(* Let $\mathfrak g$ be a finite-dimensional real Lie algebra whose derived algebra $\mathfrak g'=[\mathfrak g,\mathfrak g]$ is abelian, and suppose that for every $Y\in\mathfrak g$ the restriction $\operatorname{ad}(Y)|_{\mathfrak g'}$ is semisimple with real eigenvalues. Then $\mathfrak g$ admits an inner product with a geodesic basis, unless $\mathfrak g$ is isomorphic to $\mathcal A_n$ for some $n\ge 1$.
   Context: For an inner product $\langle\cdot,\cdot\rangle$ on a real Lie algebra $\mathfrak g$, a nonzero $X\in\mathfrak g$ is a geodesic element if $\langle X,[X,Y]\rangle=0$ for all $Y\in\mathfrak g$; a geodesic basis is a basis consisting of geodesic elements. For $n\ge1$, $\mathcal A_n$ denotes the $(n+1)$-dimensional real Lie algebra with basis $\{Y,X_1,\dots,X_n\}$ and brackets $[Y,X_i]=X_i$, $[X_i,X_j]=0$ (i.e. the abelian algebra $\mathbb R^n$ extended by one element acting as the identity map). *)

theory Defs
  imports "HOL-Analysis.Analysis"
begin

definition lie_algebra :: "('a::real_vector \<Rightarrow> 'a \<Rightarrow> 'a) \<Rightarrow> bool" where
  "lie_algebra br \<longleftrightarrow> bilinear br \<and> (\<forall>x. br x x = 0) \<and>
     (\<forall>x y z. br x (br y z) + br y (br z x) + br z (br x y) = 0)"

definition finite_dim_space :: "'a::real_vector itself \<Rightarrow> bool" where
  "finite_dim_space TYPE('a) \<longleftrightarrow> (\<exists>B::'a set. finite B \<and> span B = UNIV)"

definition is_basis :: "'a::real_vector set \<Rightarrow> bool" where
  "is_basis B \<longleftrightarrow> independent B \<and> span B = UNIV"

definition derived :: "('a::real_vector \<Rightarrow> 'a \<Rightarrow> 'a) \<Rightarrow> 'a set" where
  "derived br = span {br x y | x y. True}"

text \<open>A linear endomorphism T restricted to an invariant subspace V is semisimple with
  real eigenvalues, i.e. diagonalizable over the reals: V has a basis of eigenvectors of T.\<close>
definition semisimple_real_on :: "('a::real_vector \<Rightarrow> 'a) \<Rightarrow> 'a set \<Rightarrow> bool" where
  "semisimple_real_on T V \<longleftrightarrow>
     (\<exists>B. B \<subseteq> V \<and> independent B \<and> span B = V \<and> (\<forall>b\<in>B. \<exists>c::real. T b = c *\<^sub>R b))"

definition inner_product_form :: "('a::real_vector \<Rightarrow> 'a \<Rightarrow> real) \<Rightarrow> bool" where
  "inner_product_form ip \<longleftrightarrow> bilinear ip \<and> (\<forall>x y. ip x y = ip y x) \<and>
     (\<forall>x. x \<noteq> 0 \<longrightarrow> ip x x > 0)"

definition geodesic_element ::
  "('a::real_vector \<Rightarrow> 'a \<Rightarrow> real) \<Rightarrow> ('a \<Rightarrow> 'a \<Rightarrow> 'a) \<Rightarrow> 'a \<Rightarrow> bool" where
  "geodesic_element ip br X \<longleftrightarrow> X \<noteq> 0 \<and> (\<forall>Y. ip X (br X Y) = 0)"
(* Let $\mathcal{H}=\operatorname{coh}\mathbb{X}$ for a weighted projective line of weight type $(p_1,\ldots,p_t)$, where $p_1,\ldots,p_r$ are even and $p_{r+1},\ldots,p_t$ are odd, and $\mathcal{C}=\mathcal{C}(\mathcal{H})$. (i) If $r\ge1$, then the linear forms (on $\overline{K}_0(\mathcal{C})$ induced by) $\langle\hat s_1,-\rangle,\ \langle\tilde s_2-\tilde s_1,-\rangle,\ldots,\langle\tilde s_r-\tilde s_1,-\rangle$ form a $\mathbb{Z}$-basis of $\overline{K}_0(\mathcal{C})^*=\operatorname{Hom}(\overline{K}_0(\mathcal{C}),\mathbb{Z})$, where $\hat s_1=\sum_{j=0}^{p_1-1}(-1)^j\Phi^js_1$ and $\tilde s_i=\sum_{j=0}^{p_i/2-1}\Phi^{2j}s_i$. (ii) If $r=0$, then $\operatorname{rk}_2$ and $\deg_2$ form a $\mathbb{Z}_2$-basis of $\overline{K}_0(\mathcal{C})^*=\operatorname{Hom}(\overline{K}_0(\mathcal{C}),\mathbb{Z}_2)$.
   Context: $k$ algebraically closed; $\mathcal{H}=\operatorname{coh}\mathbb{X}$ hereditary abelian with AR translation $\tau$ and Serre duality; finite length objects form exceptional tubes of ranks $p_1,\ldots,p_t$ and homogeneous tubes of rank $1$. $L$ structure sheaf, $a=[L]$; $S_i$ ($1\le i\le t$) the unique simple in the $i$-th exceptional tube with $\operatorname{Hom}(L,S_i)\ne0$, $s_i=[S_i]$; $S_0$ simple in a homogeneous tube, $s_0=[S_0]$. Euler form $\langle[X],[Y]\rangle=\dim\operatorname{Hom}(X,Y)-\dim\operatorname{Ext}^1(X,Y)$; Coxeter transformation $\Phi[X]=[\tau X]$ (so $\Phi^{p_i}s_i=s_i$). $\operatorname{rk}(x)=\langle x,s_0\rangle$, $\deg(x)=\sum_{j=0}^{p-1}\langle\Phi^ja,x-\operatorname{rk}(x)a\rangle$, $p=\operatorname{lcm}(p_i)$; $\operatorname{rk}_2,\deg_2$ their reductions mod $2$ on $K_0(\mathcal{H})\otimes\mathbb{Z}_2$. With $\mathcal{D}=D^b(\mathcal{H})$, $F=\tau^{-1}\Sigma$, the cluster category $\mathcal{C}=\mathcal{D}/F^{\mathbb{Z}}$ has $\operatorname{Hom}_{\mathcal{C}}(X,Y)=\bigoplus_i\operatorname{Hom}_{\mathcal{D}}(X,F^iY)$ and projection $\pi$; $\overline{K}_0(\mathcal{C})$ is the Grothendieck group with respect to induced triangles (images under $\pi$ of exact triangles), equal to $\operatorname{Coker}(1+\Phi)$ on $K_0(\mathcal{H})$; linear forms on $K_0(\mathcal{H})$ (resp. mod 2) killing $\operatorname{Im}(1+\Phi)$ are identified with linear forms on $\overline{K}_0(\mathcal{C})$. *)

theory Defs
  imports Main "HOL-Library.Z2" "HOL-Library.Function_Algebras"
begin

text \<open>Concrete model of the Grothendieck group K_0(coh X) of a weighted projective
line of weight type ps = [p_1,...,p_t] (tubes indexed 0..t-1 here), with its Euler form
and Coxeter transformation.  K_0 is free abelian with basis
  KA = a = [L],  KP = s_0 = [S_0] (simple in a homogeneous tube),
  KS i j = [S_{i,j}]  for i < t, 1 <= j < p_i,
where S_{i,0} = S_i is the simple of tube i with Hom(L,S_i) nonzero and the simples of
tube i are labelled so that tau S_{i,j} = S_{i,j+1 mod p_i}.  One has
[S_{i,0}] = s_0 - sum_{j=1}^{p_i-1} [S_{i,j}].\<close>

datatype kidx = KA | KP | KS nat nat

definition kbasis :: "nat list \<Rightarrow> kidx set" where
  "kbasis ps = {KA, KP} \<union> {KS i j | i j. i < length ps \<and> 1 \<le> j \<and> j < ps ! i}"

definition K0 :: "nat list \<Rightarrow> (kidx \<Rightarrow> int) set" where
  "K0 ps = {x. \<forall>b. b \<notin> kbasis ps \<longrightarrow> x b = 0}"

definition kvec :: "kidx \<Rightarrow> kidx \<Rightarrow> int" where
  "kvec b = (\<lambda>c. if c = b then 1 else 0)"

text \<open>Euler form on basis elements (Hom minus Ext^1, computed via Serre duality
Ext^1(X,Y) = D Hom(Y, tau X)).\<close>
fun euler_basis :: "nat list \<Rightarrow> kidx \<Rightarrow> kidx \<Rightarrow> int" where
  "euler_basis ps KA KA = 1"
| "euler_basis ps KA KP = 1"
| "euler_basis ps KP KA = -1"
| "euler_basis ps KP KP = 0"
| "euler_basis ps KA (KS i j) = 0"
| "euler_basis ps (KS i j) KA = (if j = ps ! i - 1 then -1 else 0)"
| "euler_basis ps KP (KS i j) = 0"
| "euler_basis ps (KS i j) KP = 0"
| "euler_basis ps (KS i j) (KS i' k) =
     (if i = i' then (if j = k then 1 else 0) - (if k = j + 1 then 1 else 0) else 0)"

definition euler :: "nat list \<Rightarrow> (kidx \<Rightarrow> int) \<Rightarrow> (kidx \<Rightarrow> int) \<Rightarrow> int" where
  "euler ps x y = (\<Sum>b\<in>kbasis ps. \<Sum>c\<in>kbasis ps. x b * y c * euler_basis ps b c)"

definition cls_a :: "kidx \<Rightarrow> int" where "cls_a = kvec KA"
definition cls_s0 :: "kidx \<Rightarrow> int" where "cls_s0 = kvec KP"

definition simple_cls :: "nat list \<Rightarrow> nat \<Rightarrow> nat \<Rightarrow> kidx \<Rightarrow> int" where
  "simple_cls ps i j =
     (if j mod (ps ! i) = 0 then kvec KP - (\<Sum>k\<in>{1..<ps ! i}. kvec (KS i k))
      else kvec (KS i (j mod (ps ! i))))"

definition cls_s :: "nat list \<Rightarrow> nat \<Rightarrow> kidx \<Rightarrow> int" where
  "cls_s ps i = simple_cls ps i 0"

|---|

WHAT THE EXERCISE ASKS:
The required output is every line from the one that holds "ps KP (KS i" through the last line of the listing above, retyped exactly and with nothing else.

SOLUTION TO THIS TASK:
| "euler_basis ps KP (KS i j) = 0"
| "euler_basis ps (KS i j) KP = 0"
| "euler_basis ps (KS i j) (KS i' k) =
     (if i = i' then (if j = k then 1 else 0) - (if k = j + 1 then 1 else 0) else 0)"

definition euler :: "nat list \<Rightarrow> (kidx \<Rightarrow> int) \<Rightarrow> (kidx \<Rightarrow> int) \<Rightarrow> int" where
  "euler ps x y = (\<Sum>b\<in>kbasis ps. \<Sum>c\<in>kbasis ps. x b * y c * euler_basis ps b c)"

definition cls_a :: "kidx \<Rightarrow> int" where "cls_a = kvec KA"
definition cls_s0 :: "kidx \<Rightarrow> int" where "cls_s0 = kvec KP"

definition simple_cls :: "nat list \<Rightarrow> nat \<Rightarrow> nat \<Rightarrow> kidx \<Rightarrow> int" where
  "simple_cls ps i j =
     (if j mod (ps ! i) = 0 then kvec KP - (\<Sum>k\<in>{1..<ps ! i}. kvec (KS i k))
      else kvec (KS i (j mod (ps ! i))))"

definition cls_s :: "nat list \<Rightarrow> nat \<Rightarrow> kidx \<Rightarrow> int" where
  "cls_s ps i = simple_cls ps i 0"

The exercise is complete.